Bagian 7
Bel tanda masuk berbunyi sesaat setelah Kirana keluar dari kamar mandi. Baju dan jilbabnya sudah bersih, hanya meninggalkan bekas basah di sana. Setidaknya begitu lebih baik daripada Kirana harus tampil dengan pakaian yang terkena lumpur.
Kirana menuju lapangan. Di sana sudah ada Pak Anto yang merupakan guru tata usaha. Lelaki itu sudah selesai mempersiapkan alas duduk untuk para murid, mikrophon sebagai alat pengeras suara dan juga minuman kemasan gelas di atas meja. Barangkali ada siswa atau guru yang haus nantinya.
"Pak Anto, maaf ya, saya enggak ikut bantuin."
Kirana merasa tidak enak hati. Seharusnya dia membantu Anto menyiapkan semuanya.
"Enggak apa-apa. Santai aja Bu Kirana. Ini memang tugas saya. Yang terpenting Bu Kirana sudah menyiapkan materi untuk tausiyah nanti."

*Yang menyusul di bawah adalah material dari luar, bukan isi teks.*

lemma prime_power_multiplicity_central_binomial_le:
  fixes p n :: nat
  assumes p: "prime p" and "0 < n"
  shows "p ^ multiplicity p (2 * n choose n) \<le> 2 * n"
proof (rule ccontr)
  define v where "v = multiplicity p (2 * n choose n)"
  assume "\<not> p ^ multiplicity p (2 * n choose n) \<le> 2 * n"
  then have big: "2 * n < p ^ v"
    by (simp add: v_def)
  have p1: "1 < p"
    using prime_gt_1_nat[OF p] .
  have "multiplicity p (fact (2 * n) :: nat) = 2 * multiplicity p (fact n :: nat) + v"
    using p by (simp add: fact_double_eq_central_binomial prime_elem_multiplicity_mult_distrib v_def)
  then have "(\<Sum>i=1..2 * n. 2 * n div p ^ i) = (\<Sum>i=1..2 * n. 2 * (n div p ^ i)) + v"
    using multiplicity_fact_nat[OF p, of "2 * n" "2 * n"] multiplicity_fact_nat[OF p, of n "2 * n"]
    by (simp add: sum_distrib_left)
  then have "v = (\<Sum>i=1..2 * n. 2 * n div p ^ i) - (\<Sum>i=1..2 * n. 2 * (n div p ^ i))"
    by simp
  also have "\<dots> = (\<Sum>i=1..2 * n. 2 * n div p ^ i - 2 * (n div p ^ i))"
    using double_div_bounds(1) p1 by (intro sum_subtractf_nat[symmetric]) simp
  also have "\<dots> \<le> (\<Sum>i=1..2 * n. if p ^ i \<le> 2 * n then 1 else 0)"
  proof (intro sum_mono)
    fix i
    have "2 * n div p ^ i \<le> 2 * (n div p ^ i) + 1"
      using double_div_bounds(2) p1 by simp
    then show "2 * n div p ^ i - 2 * (n div p ^ i) \<le> (if p ^ i \<le> 2 * n then 1 else 0)"
      by (cases "p ^ i \<le> 2 * n") (simp_all add: div_less)
  qed
  also have "\<dots> = card {i\<in>{1..2 * n}. p ^ i \<le> 2 * n}"
    by (simp add: sum.If_cases Int_def conj_commute)
  also have "\<dots> \<le> card {1..<v}"
  proof (intro card_mono subsetI)
    fix i
    assume "i \<in> {i\<in>{1..2 * n}. p ^ i \<le> 2 * n}"
    then have "1 \<le> i" and "p ^ i < p ^ v"
      using big by auto
    then show "i \<in> {1..<v}"
      using p1 by simp
  qed simp
  also have "\<dots> < v"
    using big \<open>0 < n\<close> by (cases v) auto
  finally show False
    by simp
qed

definition primes_pi :: "nat \<Rightarrow> nat" where
  "primes_pi x = card {p. prime p \<and> p \<le> x}"

lemma central_binomial_le_power_primes_pi:
  fixes n :: nat
  assumes "0 < n"
  shows "2 * n choose n \<le> (2 * n) ^ primes_pi (2 * n)"
proof -
  let ?C = "2 * n choose n"
  have "?C dvd fact (2 * n)"
    by (subst fact_double_eq_central_binomial) (rule dvd_triv_right)
  have "prime_factors ?C \<subseteq> {p. prime p \<and> p \<le> 2 * n}"
  proof
    fix p
    assume "p \<in> prime_factors ?C"
    then have "prime p" and "p dvd fact (2 * n)"
      using dvd_trans[OF _ \<open>?C dvd fact (2 * n)\<close>] by (auto simp: in_prime_factors_iff)
    then show "p \<in> {p. prime p \<and> p \<le> 2 * n}"
      by (simp add: prime_dvd_fact_iff)
  qed
  then have "card (prime_factors ?C) \<le> primes_pi (2 * n)"
    unfolding primes_pi_def by (intro card_mono) simp_all
  have "?C = (\<Prod>p\<in>prime_factors ?C. p ^ multiplicity p ?C)"
    by (rule prime_factorization_nat) simp
  also have "\<dots> \<le> (\<Prod>p\<in>prime_factors ?C. 2 * n)"
  proof (intro prod_mono conjI)
    fix p
    assume "p \<in> prime_factors ?C"
    then have "prime p"
      by (simp add: in_prime_factors_iff)
    then show "p ^ multiplicity p ?C \<le> 2 * n"
      using prime_power_multiplicity_central_binomial_le \<open>0 < n\<close> by blast
  qed simp
  also have "\<dots> = (2 * n) ^ card (prime_factors ?C)"
    by simp
  also have "\<dots> \<le> (2 * n) ^ primes_pi (2 * n)"
    using \<open>card (prime_factors ?C) \<le> primes_pi (2 * n)\<close> \<open>0 < n\<close> by (intro power_increasing) simp_all
  finally show ?thesis .
qed

lemma primes_pi_lower_bound:
  fixes n :: nat
  assumes "0 < n"
  shows "real n * ln 4 - ln (2 * n) \<le> real (primes_pi (2 * n)) * ln (2 * n)"
proof -
  have "4 ^ n / (2 * real n) \<le> real (2 * n choose n)"
    using central_binomial_lower_bound assms by simp
  also have "\<dots> \<le> real ((2 * n) ^ primes_pi (2 * n))"
    using central_binomial_le_power_primes_pi[OF assms] by (rule of_nat_mono)
  also have "\<dots> = (2 * real n) ^ primes_pi (2 * n)"
    by simp
  finally have "ln (4 ^ n / (2 * real n)) \<le> ln ((2 * real n) ^ primes_pi (2 * n))"
    using assms by (subst ln_le_cancel_iff) auto
  moreover have "ln (4 ^ n / (2 * real n)) = real n * ln 4 - ln (2 * real n)"
    using assms by (simp add: ln_div ln_realpow)
  moreover have "ln ((2 * real n) ^ primes_pi (2 * n)) = real (primes_pi (2 * n)) * ln (2 * real n)"
    by (rule ln_realpow)
  ultimately show ?thesis
    by simp
qed

lemma enumerate_primes_ge: "i + 2 \<le> enumerate {p::nat. prime p} i"
proof (induction i)
  case 0
  have "prime (enumerate {p::nat. prime p} 0)"
    using enumerate_in_set[OF primes_infinite] by simp
  from prime_ge_2_nat[OF this] show ?case
    by simp
next
  case (Suc i)
  then show ?case
    using enumerate_step[OF primes_infinite, of i] by simp
qed

lemma less_nth_prime: "y < nth_prime y"
  using enumerate_primes_ge[of "y - 1"] by (simp add: nth_prime_def)

lemma nth_prime_le_if_le_primes_pi:
  assumes "1 \<le> y" and "y \<le> primes_pi x"
  shows "nth_prime y \<le> x"
proof (rule ccontr)
  let ?S = "{p::nat. prime p}"
  assume "\<not> nth_prime y \<le> x"
  then have big: "x < enumerate ?S (y - 1)"
    by (simp add: nth_prime_def)
  have "{p. prime p \<and> p \<le> x} \<subseteq> enumerate ?S ` {..<y - 1}"
  proof
    fix p
    assume "p \<in> {p. prime p \<and> p \<le> x}"
    then have "p \<in> ?S" and "p \<le> x"
      by auto
    then obtain i where i: "enumerate ?S i = p"
      using enumerate_Ex[OF primes_infinite] by blast
    then have "i < y - 1"
      using big \<open>p \<le> x\<close> enumerate_mono_le_iff[OF primes_infinite, of "y - 1" i] by linarith
    then show "p \<in> enumerate ?S ` {..<y - 1}"
      using i by auto
  qed
  then have "primes_pi x \<le> card (enumerate ?S ` {..<y - 1})"
    unfolding primes_pi_def by (intro card_mono) auto
  also have "\<dots> \<le> y - 1"
    using card_image_le[of "{..<y - 1}" "enumerate ?S"] by simp
  finally show False
    using assms by linarith
qed

lemma one_le_ln_4: "1 \<le> ln (4::real)"
proof -
  have "ln (4::real) = 2 * ln 2"
    using ln_realpow[of 2 2] by simp
  then show ?thesis
    using ln2_ge_two_thirds by linarith
qed

lemma le_primes_pi_if_mult_ln_less:
  fixes m y :: nat
  assumes "0 < m" and "real y * ln (2 * m) < real m"
  shows "y \<le> primes_pi (2 * m)"
proof (rule ccontr)
  assume "\<not> y \<le> primes_pi (2 * m)"
  then have "real (primes_pi (2 * m)) * ln (2 * m) \<le> (real y - 1) * ln (2 * m)"
    using \<open>0 < m\<close> by (intro mult_right_mono) simp_all
  then have "real m \<le> real y * ln (2 * m)"
    using primes_pi_lower_bound[OF \<open>0 < m\<close>] mult_left_mono[OF one_le_ln_4, of "real m"]
    by (simp add: algebra_simps)
  then show False
    using assms(2) by simp
qed
text \<open>
  On the circle \<open>\<xi> = \<delta> e^(i s)\<close> the integrand of \<open>H\<close> is \<open>exp (\<kappa> cos s) e^(-i (n + k1 - 1) s)\<close> times
  \<open>exp (R r(-\<xi>)) \<phi>(0, \<xi>)\<close>, and this second factor is \<open>exp (R g) h\<close> for functions \<open>g\<close>, \<open>h\<close> holomorphic
  on the unit disc with \<open>g 0 = 0\<close> (the singularities of \<open>r(-\<xi>)\<close> and \<open>\<phi>(0, \<xi>)\<close> at \<open>\<xi> = 0\<close> are
  removable). As \<open>|R| \<le> C |\<xi>|\<close>, its Taylor polynomial of total degree \<open>N\<close> in \<open>(R, \<xi>)\<close> approximates
  it up to \<open>O(\<delta>^(N+1))\<close> uniformly in \<open>\<kappa> \<le> C\<close>, and its coefficients are the mixed derivatives of
  \<open>\<phi>\<close> at the origin. Integrating the polynomial term by term, \<open>\<xi>^a2\<close> shifts the Fourier mode
  by \<open>a2\<close>, and \<open>\<integral> exp (\<kappa> cos s) e^(-i \<nu> s) ds = 2 \<pi> I\<^sub>\<nu>(\<kappa>)\<close>, as one sees by expanding
  \<open>exp (\<kappa> cos s)\<close> in powers of \<open>cos s\<close> and reading off the Fourier coefficients of \<open>cos^j s\<close>.
\<close>

section \<open>The Bessel integral\<close>

lemma has_integral_exp_int_freq:
  fixes p :: int
  shows "((\<lambda>s::real. exp (\<i> * of_int p * of_real s)) has_integral
           (if p = 0 then of_real (2 * pi) else 0)) {-pi..pi}"
proof (cases "p = 0")
  case True
  then show ?thesis
    using has_integral_const_real[of "1::complex" "-pi" pi] by (simp add: scaleR_conv_of_real)
next
  case False
  define F where "F = (\<lambda>z::complex. exp (\<i> * of_int p * z) / (\<i> * of_int p))"
  have "((\<lambda>s. exp (\<i> * of_int p * of_real s)) has_integral (F (of_real pi) - F (of_real (-pi)))) {-pi..pi}"
  proof (rule fundamental_theorem_of_calculus)
    fix x :: real
    have "(F has_field_derivative exp (\<i> * of_int p * of_real x)) (at (of_real x))"
      unfolding F_def using False by (auto intro!: derivative_eq_intros)
    then show "((\<lambda>s. F (of_real s)) has_vector_derivative exp (\<i> * of_int p * of_real x))
                 (at x within {-pi..pi})"
      by (rule has_vector_derivative_real_field)
  qed (use pi_ge_zero in auto)
  moreover have "exp (\<i> * of_int p * of_real pi) = exp (- (\<i> * of_int p * of_real pi))"
    unfolding exp_eq by (intro exI[of _ p]) (simp add: algebra_simps)
  ultimately show ?thesis
    using False by (simp add: F_def)
qed

lemma cos_power_exp_expansion:
  fixes s :: real
  shows "of_real (cos s) ^ j
           = (\<Sum>l\<le>j. of_nat (j choose l) * exp (\<i> * of_int (2 * int l - int j) * of_real s)) / 2 ^ j"
proof -
  have "of_real (cos s) = (exp (\<i> * of_real s) + exp (- (\<i> * of_real s))) / (2::complex)"
    by (simp add: cos_of_real[symmetric] cos_exp_eq)
  then have "of_real (cos s) ^ j = (exp (\<i> * of_real s) + exp (- (\<i> * of_real s))) ^ j / (2::complex) ^ j"
    by (metis power_divide)
  also have "(exp (\<i> * of_real s) + exp (- (\<i> * of_real s))) ^ j
      = (\<Sum>l\<le>j. of_nat (j choose l) * exp (\<i> * of_real s) ^ l * exp (- (\<i> * of_real s)) ^ (j - l))"
    by (rule binomial_ring)
  also have "\<dots> = (\<Sum>l\<le>j. of_nat (j choose l) * exp (\<i> * of_int (2 * int l - int j) * of_real s))"
  proof (rule sum.cong[OF refl])
    fix l assume "l \<in> {..j}"
    then have "of_nat l * (\<i> * of_real s) + of_nat (j - l) * (- (\<i> * of_real s))
             = \<i> * of_int (2 * int l - int j) * (of_real s :: complex)"
      by (simp add: of_nat_diff algebra_simps)
    then show "of_nat (j choose l) * exp (\<i> * of_real s) ^ l * exp (- (\<i> * of_real s)) ^ (j - l)
        = of_nat (j choose l) * exp (\<i> * of_int (2 * int l - int j) * of_real s)"
      by (simp only: mult.assoc exp_of_nat_mult[symmetric] exp_add[symmetric])
  qed
  finally show ?thesis .
qed

definition cos_power_coeff :: "int \<Rightarrow> nat \<Rightarrow> nat" where
  "cos_power_coeff \<nu> j = (\<Sum>l\<le>j. if 2 * int l - int j = \<nu> then j choose l else 0)"
(* Let $\epsilon>0$ and $\theta=(w,\mu,\tau)\in\Theta_k$. Then $\|\mathcal{M}_\theta-P_{\epsilon,\theta}\|_1\le\epsilon$.
   Context: $\mathcal{N}(x)=\frac{1}{\sqrt{2\pi}}e^{-x^2/2}$ is the standard Gaussian density and $T_d$ its degree-$d$ Taylor expansion around $0$. Fix $K$ such that $\int_{-2\sqrt{\log(1/\epsilon)}}^{2\sqrt{\log(1/\epsilon)}}|\mathcal{N}(x)-T_{2K\log(1/\epsilon)}(x)|\,dx<\epsilon/4$. Define the piecewise polynomial $\widetilde{P}_\epsilon(x)=T_{2K\log(1/\epsilon)}(x)$ if $x\in[-2\sqrt{\log(1/\epsilon)},2\sqrt{\log(1/\epsilon)}]$ and $\widetilde{P}_\epsilon(x)=0$ otherwise. $\Theta_k=\{(w,\mu,\tau): w\in\mathbb{R}^k, w_i\ge0,\sum_i w_i=1,\ \mu\in\mathbb{R}^k,\ \tau\in\mathbb{R}_{>0}^k\}$; for $\theta\in\Theta_k$, $\mathcal{M}_\theta(x)=\sum_{i=1}^k w_i\frac{\tau_i}{\sqrt{2\pi}}e^{-\tau_i^2(x-\mu_i)^2/2}$ and $P_{\epsilon,\theta}(x)=\sum_{i=1}^k w_i\tau_i\widetilde{P}_\epsilon(\tau_i(x-\mu_i))$. $\|g\|_1=\int|g|$. *)

theory Defs
  imports "HOL-Analysis.Analysis"
begin

definition gauss :: "real \<Rightarrow> real" where
  "gauss x = exp (- (x\<^sup>2) / 2) / sqrt (2 * pi)"

definition taylor_gauss :: "nat \<Rightarrow> real \<Rightarrow> real" where
  "taylor_gauss d x = (\<Sum>j\<le>d. (deriv ^^ j) gauss 0 / fact j * x ^ j)"

definition taylor_deg :: "real \<Rightarrow> real \<Rightarrow> nat" where
  "taylor_deg K eps = nat \<lceil>2 * K * ln (1 / eps)\<rceil>"

definition Ptilde :: "real \<Rightarrow> real \<Rightarrow> real \<Rightarrow> real" where
  "Ptilde K eps x =
     (if x \<in> {- 2 * sqrt (ln (1 / eps)) .. 2 * sqrt (ln (1 / eps))}
      then taylor_gauss (taylor_deg K eps) x else 0)"

definition in_Theta :: "nat \<Rightarrow> (nat \<Rightarrow> real) \<Rightarrow> (nat \<Rightarrow> real) \<Rightarrow> (nat \<Rightarrow> real) \<Rightarrow> bool" where
  "in_Theta k w \<mu> \<tau> \<longleftrightarrow>
     (\<forall>i<k. w i \<ge> 0) \<and> (\<Sum>i<k. w i) = 1 \<and> (\<forall>i<k. \<tau> i > 0)"

definition mixture :: "nat \<Rightarrow> (nat \<Rightarrow> real) \<Rightarrow> (nat \<Rightarrow> real) \<Rightarrow> (nat \<Rightarrow> real) \<Rightarrow> real \<Rightarrow> real" where
  "mixture k w \<mu> \<tau> x =
     (\<Sum>i<k. w i * \<tau> i / sqrt (2 * pi) * exp (- (\<tau> i)\<^sup>2 * (x - \<mu> i)\<^sup>2 / 2))"

definition P_mix :: "real \<Rightarrow> real \<Rightarrow> nat \<Rightarrow> (nat \<Rightarrow> real) \<Rightarrow> (nat \<Rightarrow> real) \<Rightarrow> (nat \<Rightarrow> real) \<Rightarrow> real \<Rightarrow> real" where
  "P_mix K eps k w \<mu> \<tau> x = (\<Sum>i<k. w i * \<tau> i * Ptilde K eps (\<tau> i * (x - \<mu> i)))"

end

theory Submission
  imports Defs "HOL-Probability.Probability"
begin

(*
  Each mixture component is the rescaling x \<mapsto> \<tau> N(\<tau>(x - \<mu>)) of the standard Gaussian N, and
  P_{\<epsilon>,\<theta>} is the same mixture of rescalings of P~_\<epsilon>. Rescalings preserve the L1 norm, so the
  triangle inequality reduces the claim to ||N - P~_\<epsilon>||_1 \<le> \<epsilon>.

  Put c = 2 sqrt(log(1/\<epsilon>)), so that \<epsilon> = exp(-c^2/4). The norm splits into the Taylor error on
  [-c, c], which is below \<epsilon>/4 by hypothesis, and the Gaussian mass outside [-c, c], which is at
  most 2 exp(-c^2/2) / (c sqrt(2\<pi>)) = 2 \<epsilon>^2 / (c sqrt(2\<pi>)) \<le> 3\<epsilon>/4 as soon as c \<ge> 1.1.
  For smaller c the tail is not small compared to \<epsilon>; there one uses that the Maclaurin series
  of N is alternating with decreasing terms on [-sqrt 2, sqrt 2], so every Taylor polynomial is
  within x^2 / (2 sqrt(2\<pi>)) of N, and the norm is at most 1 - c(2 - 2c^2/3)/sqrt(2\<pi>) \<le> \<epsilon>.
*)

lemma funpow_diffs:
  fixes a :: "nat \<Rightarrow> 'a::field_char_0"
  shows "(diffs ^^ j) a n = fact (n + j) / fact n * a (n + j)"
proof (induction j arbitrary: a)
  case 0
  then show ?case by simp
next
  case (Suc j)
  have "(diffs ^^ Suc j) a n = (diffs ^^ j) (diffs a) n"
    by (simp add: funpow_Suc_right del: funpow.simps)
  also have "\<dots> = fact (n + j) / fact n * diffs a (n + j)"
    by (rule Suc.IH)
  also have "\<dots> = fact (n + Suc j) / fact n * a (n + Suc j)"
    by (simp add: diffs_def field_simps)
  finally show ?case .
qed

lemma higher_deriv_powser:
  fixes a :: "nat \<Rightarrow> 'a::{real_normed_field,banach}"
  assumes "\<And>x. summable (\<lambda>n. a n * x ^ n)"
  shows "(deriv ^^ j) (\<lambda>x. \<Sum>n. a n * x ^ n) = (\<lambda>x. \<Sum>n. (diffs ^^ j) a n * x ^ n)"
  using assms
proof (induction j arbitrary: a)
  case 0
  then show ?case by simp
next
  case (Suc j)
  have "(deriv ^^ Suc j) (\<lambda>x. \<Sum>n. a n * x ^ n) = (deriv ^^ j) (deriv (\<lambda>x. \<Sum>n. a n * x ^ n))"
    by (simp add: funpow_Suc_right del: funpow.simps)
  also have "deriv (\<lambda>x. \<Sum>n. a n * x ^ n) = (\<lambda>x. \<Sum>n. diffs a n * x ^ n)"
    using termdiffs_strong_converges_everywhere[OF Suc.prems] by (intro ext DERIV_imp_deriv)
  also have "(deriv ^^ j) (\<lambda>x. \<Sum>n. diffs a n * x ^ n) = (\<lambda>x. \<Sum>n. (diffs ^^ j) (diffs a) n * x ^ n)"
    by (rule Suc.IH) (rule termdiff_converges_all[OF Suc.prems])
  finally show ?case by (simp add: funpow_Suc_right del: funpow.simps)
qed

lemma higher_deriv_powser_0:
  fixes a :: "nat \<Rightarrow> 'a::{real_normed_field,banach}"
  assumes "\<And>x. summable (\<lambda>n. a n * x ^ n)"
  shows "(deriv ^^ j) (\<lambda>x. \<Sum>n. a n * x ^ n) 0 = fact j * a j"
  using powser_zero[of "(diffs ^^ j) a"] by (simp add: higher_deriv_powser[OF assms] funpow_diffs)

definition gauss_coeff :: "nat \<Rightarrow> real" where
  "gauss_coeff n = (if even n then (-1/2) ^ (n div 2) / fact (n div 2) / sqrt (2 * pi) else 0)"

lemma gauss_coeff_double:
  "gauss_coeff (2 * m) * x ^ (2 * m) = (- (x\<^sup>2) / 2) ^ m / fact m / sqrt (2 * pi)"
proof -
  have "(-1/2) ^ m * x ^ (2 * m) = (- (x\<^sup>2) / 2) ^ m"
    by (simp add: power_mult power_mult_distrib[symmetric])
  then show ?thesis
    by (simp add: gauss_coeff_def)
qed
(* Let $T$ be a positive integer, let $N=(N_l)_{0\le l\le T}$ satisfy $N_0=0$ with increments $N_{l+1}-N_l$ independent Poisson random variables with parameters $\gamma_l\ge0$, let $\mathfrak{F}=(\mathfrak{F}_k)$ be the natural augmented filtration of $N$, $I_k=(-1)^{N_k}$ (so $I_0=1$), and $u_r=\frac12(1+e^{-2\gamma_{r-1}})$, $v_r=\frac12(1-e^{-2\gamma_{r-1}})$ for $1\le r\le T$. Define the events $$\Omega_{T+1,T+1}=\{I_0=1,\dots,I_T=1\},$$ $$\Omega_{l,T+1}=\{I_0=\dots=I_{l-1}=1,\ I_l=\dots=I_T=-1\},\ 1\le l\le T,$$ $$\Omega_{l,m}=\{I_0=\dots=I_{l-1}=1,\ I_l=\dots=I_{m-1}=-1,\ I_m=1\},\ 1\le l<m\le T,$$ and $\mathcal{I}=\{(l,m);1\le l<m\le T\}\cup\{(l,T+1);1\le l\le T+1\}$. Then for every $0\le k\le T$ and $(l,m)\in\mathcal{I}$, the conditional probabilities $\mathbb{Q}_k[\Omega_{\lambda,\mu}]=\mathbb{Q}[\Omega_{\lambda,\mu}\,|\,\mathfrak{F}_k]$, $(\lambda,\mu)\in\mathcal{I}$, are constant on $\Omega_{l,m}$, with values: for $1\le\lambda<\mu\le T$, $$\mathbb{Q}_k[\Omega_{\lambda,\mu}](\Omega_{l,m})=\Big(\mathbf{1}_{k<l\wedge\lambda}+\mathbf{1}_{k\ge l\wedge\lambda}\mathbf{1}_{l=\lambda}\big(\mathbf{1}_{k<m\wedge\mu}+\mathbf{1}_{k\ge m\wedge\mu}\mathbf{1}_{m=\mu}\big)\Big)\times\Big(\mathbf{1}_{k\ge\mu}+\mathbf{1}_{\lambda\le k<\mu}\Big(\prod_{r=k+1}^{\mu-1}u_r\Big)v_\mu+\mathbf{1}_{k<\lambda}\Big(\prod_{r=k+1}^{\lambda-1}u_r\Big)v_\lambda\Big(\prod_{r=\lambda+1}^{\mu-1}u_r\Big)v_\mu\Big);$$ for $1\le\lambda\le T$, $$\mathbb{Q}_k[\Omega_{\lambda,T+1}](\Omega_{l,m})=\big(\mathbf{1}_{k<l\wedge\lambda}+\mathbf{1}_{k\ge l\wedge\lambda}\mathbf{1}_{l=\lambda}\mathbf{1}_{k<m}\big)\times\Big(\mathbf{1}_{k\ge\lambda}\prod_{r=k+1}^{T}u_r+\mathbf{1}_{k<\lambda}\Big(\prod_{r=k+1}^{\lambda-1}u_r\Big)v_\lambda\Big(\prod_{r=\lambda+1}^{T}u_r\Big)\Big);$$ and $$\mathbb{Q}_k[\Omega_{T+1,T+1}](\Omega_{l,m})=\mathbf{1}_{k<l}\prod_{r=k+1}^{T}u_r.$$
   Context: For a random variable constant on an event $A$, its value on $A$ is denoted by evaluation at $A$. *)

theory Defs
  imports "HOL-Probability.Probability" "HOL-Probability.Conditional_Expectation"
begin
lemma block_sum_norm_sq_le:
  fixes h :: "nat \<Rightarrow> 'a::real_inner"
  assumes n: "n = b * m" and b: "b \<ge> 1" and \<pi>: "\<pi> permutes {1..n}"
    and W: "\<And>l. l < m \<Longrightarrow> 0 \<le> W l \<and> W l \<le> 1"
  shows "(norm (block_sum b m W \<pi> h))\<^sup>2 \<le> (real m)\<^sup>2 * ((1 / real n) * (\<Sum>i=1..n. (norm (h i))\<^sup>2))"
proof -
  let ?a = "\<lambda>j. W ((j - 1) div b) / real b"
  have "norm (block_sum b m W \<pi> h) \<le> (\<Sum>j=1..n. norm (?a j *\<^sub>R h (\<pi> j)))"
    unfolding block_sum_eq_weighted_sum[OF b] n by (rule norm_sum)
  also have "\<dots> \<le> (\<Sum>j=1..n. (1 / real b) * norm (h (\<pi> j)))"
  proof (rule sum_mono)
    fix j assume "j \<in> {1..n}"
    then have "0 \<le> ?a j" "?a j \<le> 1 / real b"
      using block_weight_bounds[of b m W, OF b W] n by auto
    then have "norm (?a j *\<^sub>R h (\<pi> j)) = ?a j * norm (h (\<pi> j))"
      by (simp only: norm_scaleR abs_of_nonneg)
    also have "\<dots> \<le> (1 / real b) * norm (h (\<pi> j))"
      using \<open>?a j \<le> 1 / real b\<close> by (rule mult_right_mono) simp
    finally show "norm (?a j *\<^sub>R h (\<pi> j)) \<le> (1 / real b) * norm (h (\<pi> j))" .
  qed
  also have "\<dots> = (1 / real b) * (\<Sum>i=1..n. norm (h i))"
    using sum.permute[OF \<pi>, of "\<lambda>i. norm (h i)"] by (simp add: sum_distrib_left o_def)
  finally have "(norm (block_sum b m W \<pi> h))\<^sup>2 \<le> ((1 / real b) * (\<Sum>i=1..n. norm (h i)))\<^sup>2"
    by (intro power_mono) auto
  also have "\<dots> = (1 / real b)\<^sup>2 * (\<Sum>i=1..n. norm (h i))\<^sup>2"
    by (rule power_mult_distrib)
  also have "\<dots> \<le> (1 / real b)\<^sup>2 * ((\<Sum>i=1..n. (norm (h i))\<^sup>2) * real n)"
    using sum_squared_le_sum_of_squares[of "\<lambda>i. norm (h i)" "{1..n}"] by (intro mult_left_mono) auto
  also have "\<dots> = (real m)\<^sup>2 * ((1 / real n) * (\<Sum>i=1..n. (norm (h i))\<^sup>2))"
    using b n by (cases "m = 0") (simp_all add: field_simps power2_eq_square)
  finally show ?thesis .
qed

"Kalau itu sudah pasti, Pak."
"Baiklah Bu Kirana. Murid-murid sudah pada duduk di tempatnya, tuh! Mari kita mulai."
Kirana pun mengangguk.
Setelah guru-guru dan murid-murid berkumpul semua, Kirana pun memulai acara dengan mengucapkan basmalah terlebih dahulu, kemudian diiringi dengan salam pembuka.
Semua yang hadir menyambut salam Kirana dengan semangat.
"Ini acara apa, Bu?" tanya Raka kepada guru wanita yang berdiri di sampingnya. Raka sedikit bingung karena di sekolah tempatnya mengajar sebelumnya tidak ada acara seperti ini. Yang ada hanya apel pagi setiap paginya.
"Tiap hari Kamis memang begini, Pak. Nanti akan ada tausiah yang disampaikan oleh Bu Kirana. Setelah itu berdoa bersama, lanjut infaq atau sedekah Kamis, Pak. Nanti Bu Kirana juga yang akan bawain kotak infaq nya dan kita boleh mengisi seikhlasnya. Begitu, Pak."
Raka hanya manggut-manggut.
"Seorang p*****r mau menyampaikan tausiah? Yang benar saja! Dirinya sendiri saja belum tentu berada di jalan yang lurus. Gimana mau ngajakin orang lain, coba?" batin Raka.
Raka sama sekali tidak respek terhadap Kirana. Karena menurutnya, Kirana sama sekali tidak pantas berdiri di tempatnya saat ini. Dia cocoknya bergabung dengan wanita malam di bar atau diskotik. Maka dari itu, dia sama sekali tidak menyimak. Malah dia sibuk bermain ponsel.
"Hey guru baru, apa tidak bisa HP-nya disimpan dulu? Kita di sini buat mendengarkan tausiah, bukan buat main hp," tegas Wahyu yang memang sudah memperhatikan Raka sedari tadi.
"Ini orang kok' sibuk bener?" batin Raka. Dia hanya bisa membatin.
Raka pun segera menyimpan ponselnya ke dalam saku celana. Bukan karena takut kepada Wahyu, tetapi karena Raka tidak mau cari masalah. Raka kemudian menatap Kirana yang sedang asyik menyampaikan tausiah.
"Jadi tema hari ini tentang finah ya anak-anak. Anak-anak sudah pada tahu apa artinya fitnah?" tanya Kirana. Kirana sengaja bertanya biar murid-murid lebih bersemangat.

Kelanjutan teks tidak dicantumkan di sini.